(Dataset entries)
- Opening Delimiter -

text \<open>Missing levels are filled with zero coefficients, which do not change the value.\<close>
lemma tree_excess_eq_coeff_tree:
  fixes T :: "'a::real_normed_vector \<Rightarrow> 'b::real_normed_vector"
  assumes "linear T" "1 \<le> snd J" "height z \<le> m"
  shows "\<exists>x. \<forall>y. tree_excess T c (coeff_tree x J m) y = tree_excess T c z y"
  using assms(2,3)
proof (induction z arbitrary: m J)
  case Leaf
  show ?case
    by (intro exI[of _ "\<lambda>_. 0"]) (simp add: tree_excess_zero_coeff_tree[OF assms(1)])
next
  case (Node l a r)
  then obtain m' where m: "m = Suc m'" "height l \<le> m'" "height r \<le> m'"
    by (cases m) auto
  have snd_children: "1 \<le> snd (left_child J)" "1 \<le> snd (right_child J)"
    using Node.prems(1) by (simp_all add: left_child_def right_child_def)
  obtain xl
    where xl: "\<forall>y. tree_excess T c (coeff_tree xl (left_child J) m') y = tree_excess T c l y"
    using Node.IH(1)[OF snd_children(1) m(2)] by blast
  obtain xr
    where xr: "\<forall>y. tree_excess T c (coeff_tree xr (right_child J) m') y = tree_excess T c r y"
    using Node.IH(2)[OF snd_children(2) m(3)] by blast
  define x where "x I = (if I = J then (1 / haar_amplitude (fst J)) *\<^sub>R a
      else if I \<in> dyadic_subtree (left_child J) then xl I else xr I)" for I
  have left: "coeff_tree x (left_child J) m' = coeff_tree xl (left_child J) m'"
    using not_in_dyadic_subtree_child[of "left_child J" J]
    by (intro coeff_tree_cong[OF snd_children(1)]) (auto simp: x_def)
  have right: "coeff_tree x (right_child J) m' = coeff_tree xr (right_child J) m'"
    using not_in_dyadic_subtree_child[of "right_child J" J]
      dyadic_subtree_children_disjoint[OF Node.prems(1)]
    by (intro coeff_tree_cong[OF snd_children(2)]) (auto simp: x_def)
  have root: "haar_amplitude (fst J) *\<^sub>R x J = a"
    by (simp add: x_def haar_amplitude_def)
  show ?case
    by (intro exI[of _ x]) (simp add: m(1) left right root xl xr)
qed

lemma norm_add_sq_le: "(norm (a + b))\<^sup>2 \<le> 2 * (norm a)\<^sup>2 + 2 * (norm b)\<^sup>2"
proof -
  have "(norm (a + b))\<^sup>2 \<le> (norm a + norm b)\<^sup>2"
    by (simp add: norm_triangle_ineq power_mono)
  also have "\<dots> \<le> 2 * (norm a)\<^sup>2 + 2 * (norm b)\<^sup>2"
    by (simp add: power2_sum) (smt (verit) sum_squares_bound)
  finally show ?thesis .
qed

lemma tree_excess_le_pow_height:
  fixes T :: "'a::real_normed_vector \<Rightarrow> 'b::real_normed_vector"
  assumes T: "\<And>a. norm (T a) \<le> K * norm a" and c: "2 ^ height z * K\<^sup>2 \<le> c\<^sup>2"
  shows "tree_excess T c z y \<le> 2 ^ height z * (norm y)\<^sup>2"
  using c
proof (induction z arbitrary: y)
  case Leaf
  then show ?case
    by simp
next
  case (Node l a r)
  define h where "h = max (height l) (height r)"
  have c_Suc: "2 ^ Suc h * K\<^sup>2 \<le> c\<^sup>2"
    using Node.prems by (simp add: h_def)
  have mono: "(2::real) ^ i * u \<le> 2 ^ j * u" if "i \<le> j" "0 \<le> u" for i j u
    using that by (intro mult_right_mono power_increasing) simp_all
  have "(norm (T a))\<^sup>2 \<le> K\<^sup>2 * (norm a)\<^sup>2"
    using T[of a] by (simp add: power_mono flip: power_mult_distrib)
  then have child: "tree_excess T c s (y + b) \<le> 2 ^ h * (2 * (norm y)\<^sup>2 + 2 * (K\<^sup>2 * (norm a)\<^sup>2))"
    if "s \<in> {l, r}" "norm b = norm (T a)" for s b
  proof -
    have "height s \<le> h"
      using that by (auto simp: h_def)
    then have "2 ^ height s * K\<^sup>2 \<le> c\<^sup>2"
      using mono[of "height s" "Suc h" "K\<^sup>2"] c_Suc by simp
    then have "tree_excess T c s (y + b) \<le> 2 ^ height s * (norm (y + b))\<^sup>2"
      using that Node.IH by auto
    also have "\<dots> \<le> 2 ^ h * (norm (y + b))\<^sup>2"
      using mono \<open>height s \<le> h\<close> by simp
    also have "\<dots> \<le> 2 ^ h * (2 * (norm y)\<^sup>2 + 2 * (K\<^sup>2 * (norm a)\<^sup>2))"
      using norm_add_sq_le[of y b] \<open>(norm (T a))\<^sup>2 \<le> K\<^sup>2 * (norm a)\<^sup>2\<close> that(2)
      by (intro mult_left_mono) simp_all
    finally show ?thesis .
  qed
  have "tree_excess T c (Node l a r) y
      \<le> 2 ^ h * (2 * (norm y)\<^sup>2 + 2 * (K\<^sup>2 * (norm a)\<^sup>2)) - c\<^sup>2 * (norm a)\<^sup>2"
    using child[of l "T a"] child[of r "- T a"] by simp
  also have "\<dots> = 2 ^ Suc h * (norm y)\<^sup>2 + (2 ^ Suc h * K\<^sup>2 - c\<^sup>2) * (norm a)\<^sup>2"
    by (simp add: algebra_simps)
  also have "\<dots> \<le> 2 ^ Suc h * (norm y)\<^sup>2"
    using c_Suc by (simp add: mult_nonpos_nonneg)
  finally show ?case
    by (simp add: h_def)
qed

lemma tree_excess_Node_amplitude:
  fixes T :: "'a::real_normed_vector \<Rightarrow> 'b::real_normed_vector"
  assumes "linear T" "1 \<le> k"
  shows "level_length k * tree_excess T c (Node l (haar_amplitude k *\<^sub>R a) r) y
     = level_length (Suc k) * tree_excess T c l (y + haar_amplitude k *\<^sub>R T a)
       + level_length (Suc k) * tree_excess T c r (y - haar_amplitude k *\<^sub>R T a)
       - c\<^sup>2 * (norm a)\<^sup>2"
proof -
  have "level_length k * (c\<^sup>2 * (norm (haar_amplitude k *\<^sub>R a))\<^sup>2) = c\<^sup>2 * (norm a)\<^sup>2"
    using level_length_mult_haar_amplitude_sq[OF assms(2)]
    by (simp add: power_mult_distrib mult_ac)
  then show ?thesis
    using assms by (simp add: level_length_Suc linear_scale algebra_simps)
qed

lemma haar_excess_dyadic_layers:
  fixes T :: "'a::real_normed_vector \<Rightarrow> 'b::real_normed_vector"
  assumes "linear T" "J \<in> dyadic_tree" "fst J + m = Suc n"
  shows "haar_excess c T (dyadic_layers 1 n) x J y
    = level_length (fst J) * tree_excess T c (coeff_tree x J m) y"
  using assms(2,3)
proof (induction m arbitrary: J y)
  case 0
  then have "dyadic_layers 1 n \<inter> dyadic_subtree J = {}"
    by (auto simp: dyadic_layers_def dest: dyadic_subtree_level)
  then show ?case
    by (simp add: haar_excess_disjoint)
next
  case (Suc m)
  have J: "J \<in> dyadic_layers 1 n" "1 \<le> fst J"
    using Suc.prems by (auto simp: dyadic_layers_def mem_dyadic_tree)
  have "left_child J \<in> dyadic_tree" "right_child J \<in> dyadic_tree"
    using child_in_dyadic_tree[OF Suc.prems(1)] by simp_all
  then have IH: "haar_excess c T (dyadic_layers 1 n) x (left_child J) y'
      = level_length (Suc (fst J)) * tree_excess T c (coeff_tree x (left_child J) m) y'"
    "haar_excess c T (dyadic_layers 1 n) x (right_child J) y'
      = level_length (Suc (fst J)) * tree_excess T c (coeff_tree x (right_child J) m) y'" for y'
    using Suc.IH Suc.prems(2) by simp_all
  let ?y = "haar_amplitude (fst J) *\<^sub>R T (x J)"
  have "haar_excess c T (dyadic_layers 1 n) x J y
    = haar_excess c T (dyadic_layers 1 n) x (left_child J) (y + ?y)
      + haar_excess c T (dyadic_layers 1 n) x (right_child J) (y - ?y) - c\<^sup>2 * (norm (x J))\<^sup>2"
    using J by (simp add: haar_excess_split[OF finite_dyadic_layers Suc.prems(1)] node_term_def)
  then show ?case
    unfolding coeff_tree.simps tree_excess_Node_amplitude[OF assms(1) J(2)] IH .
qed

- Closing Delimiter -
- Opening Delimiter -

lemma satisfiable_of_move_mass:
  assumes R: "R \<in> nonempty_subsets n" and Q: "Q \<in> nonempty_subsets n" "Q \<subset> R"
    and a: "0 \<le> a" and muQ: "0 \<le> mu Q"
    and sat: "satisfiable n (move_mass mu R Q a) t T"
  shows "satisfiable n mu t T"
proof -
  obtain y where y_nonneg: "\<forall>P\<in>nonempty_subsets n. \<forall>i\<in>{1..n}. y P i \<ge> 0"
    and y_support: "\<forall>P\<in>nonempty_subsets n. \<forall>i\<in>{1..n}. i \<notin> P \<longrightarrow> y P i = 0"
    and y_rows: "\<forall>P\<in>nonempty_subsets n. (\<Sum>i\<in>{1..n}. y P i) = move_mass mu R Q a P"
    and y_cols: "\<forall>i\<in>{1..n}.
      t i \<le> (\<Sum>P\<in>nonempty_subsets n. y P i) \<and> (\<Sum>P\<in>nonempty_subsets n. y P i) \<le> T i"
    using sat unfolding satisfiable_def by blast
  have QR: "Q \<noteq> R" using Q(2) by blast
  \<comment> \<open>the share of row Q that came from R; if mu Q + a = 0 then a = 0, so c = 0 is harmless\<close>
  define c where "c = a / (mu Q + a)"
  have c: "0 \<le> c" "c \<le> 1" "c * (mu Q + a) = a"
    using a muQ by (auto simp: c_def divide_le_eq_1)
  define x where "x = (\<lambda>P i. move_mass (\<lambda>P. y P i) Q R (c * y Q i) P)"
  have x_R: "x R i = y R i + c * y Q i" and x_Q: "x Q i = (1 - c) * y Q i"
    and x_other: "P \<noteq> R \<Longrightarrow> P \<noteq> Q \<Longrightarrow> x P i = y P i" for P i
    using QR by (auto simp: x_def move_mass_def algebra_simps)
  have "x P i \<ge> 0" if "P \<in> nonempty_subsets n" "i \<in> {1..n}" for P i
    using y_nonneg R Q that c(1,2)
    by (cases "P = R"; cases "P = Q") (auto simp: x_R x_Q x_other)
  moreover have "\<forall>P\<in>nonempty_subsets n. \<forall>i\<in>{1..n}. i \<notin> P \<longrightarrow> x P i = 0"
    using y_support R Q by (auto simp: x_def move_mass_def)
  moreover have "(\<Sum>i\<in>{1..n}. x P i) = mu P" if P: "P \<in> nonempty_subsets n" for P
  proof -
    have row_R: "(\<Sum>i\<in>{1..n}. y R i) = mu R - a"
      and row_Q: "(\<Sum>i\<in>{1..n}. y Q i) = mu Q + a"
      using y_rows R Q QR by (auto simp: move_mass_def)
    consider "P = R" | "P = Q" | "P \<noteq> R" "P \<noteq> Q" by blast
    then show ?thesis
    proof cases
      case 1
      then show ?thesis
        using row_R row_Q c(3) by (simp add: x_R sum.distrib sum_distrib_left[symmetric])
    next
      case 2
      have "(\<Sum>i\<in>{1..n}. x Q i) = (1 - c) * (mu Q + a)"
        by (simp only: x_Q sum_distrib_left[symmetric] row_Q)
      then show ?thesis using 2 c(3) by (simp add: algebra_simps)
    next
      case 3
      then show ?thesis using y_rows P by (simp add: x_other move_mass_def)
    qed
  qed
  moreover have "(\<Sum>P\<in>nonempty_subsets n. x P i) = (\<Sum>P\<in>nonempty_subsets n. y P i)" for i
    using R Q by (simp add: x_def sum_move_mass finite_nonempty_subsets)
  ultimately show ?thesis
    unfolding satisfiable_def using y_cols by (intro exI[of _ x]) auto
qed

- Closing Delimiter -

> [Description of the task]
Looking back over the data above, restate word for word the lines that begin at the line with "y)\<^sup>2 + (2" and end at the line with "(left_child J) y'", inclusive.

> [Your solution]
  also have "\<dots> = 2 ^ Suc h * (norm y)\<^sup>2 + (2 ^ Suc h * K\<^sup>2 - c\<^sup>2) * (norm a)\<^sup>2"
    by (simp add: algebra_simps)
  also have "\<dots> \<le> 2 ^ Suc h * (norm y)\<^sup>2"
    using c_Suc by (simp add: mult_nonpos_nonneg)
  finally show ?case
    by (simp add: h_def)
qed

lemma tree_excess_Node_amplitude:
  fixes T :: "'a::real_normed_vector \<Rightarrow> 'b::real_normed_vector"
  assumes "linear T" "1 \<le> k"
  shows "level_length k * tree_excess T c (Node l (haar_amplitude k *\<^sub>R a) r) y
     = level_length (Suc k) * tree_excess T c l (y + haar_amplitude k *\<^sub>R T a)
       + level_length (Suc k) * tree_excess T c r (y - haar_amplitude k *\<^sub>R T a)
       - c\<^sup>2 * (norm a)\<^sup>2"
proof -
  have "level_length k * (c\<^sup>2 * (norm (haar_amplitude k *\<^sub>R a))\<^sup>2) = c\<^sup>2 * (norm a)\<^sup>2"
    using level_length_mult_haar_amplitude_sq[OF assms(2)]
    by (simp add: power_mult_distrib mult_ac)
  then show ?thesis
    using assms by (simp add: level_length_Suc linear_scale algebra_simps)
qed

lemma haar_excess_dyadic_layers:
  fixes T :: "'a::real_normed_vector \<Rightarrow> 'b::real_normed_vector"
  assumes "linear T" "J \<in> dyadic_tree" "fst J + m = Suc n"
  shows "haar_excess c T (dyadic_layers 1 n) x J y
    = level_length (fst J) * tree_excess T c (coeff_tree x J m) y"
  using assms(2,3)
proof (induction m arbitrary: J y)
  case 0
  then have "dyadic_layers 1 n \<inter> dyadic_subtree J = {}"
    by (auto simp: dyadic_layers_def dest: dyadic_subtree_level)
  then show ?case
    by (simp add: haar_excess_disjoint)
next
  case (Suc m)
  have J: "J \<in> dyadic_layers 1 n" "1 \<le> fst J"
    using Suc.prems by (auto simp: dyadic_layers_def mem_dyadic_tree)
  have "left_child J \<in> dyadic_tree" "right_child J \<in> dyadic_tree"
    using child_in_dyadic_tree[OF Suc.prems(1)] by simp_all
  then have IH: "haar_excess c T (dyadic_layers 1 n) x (left_child J) y'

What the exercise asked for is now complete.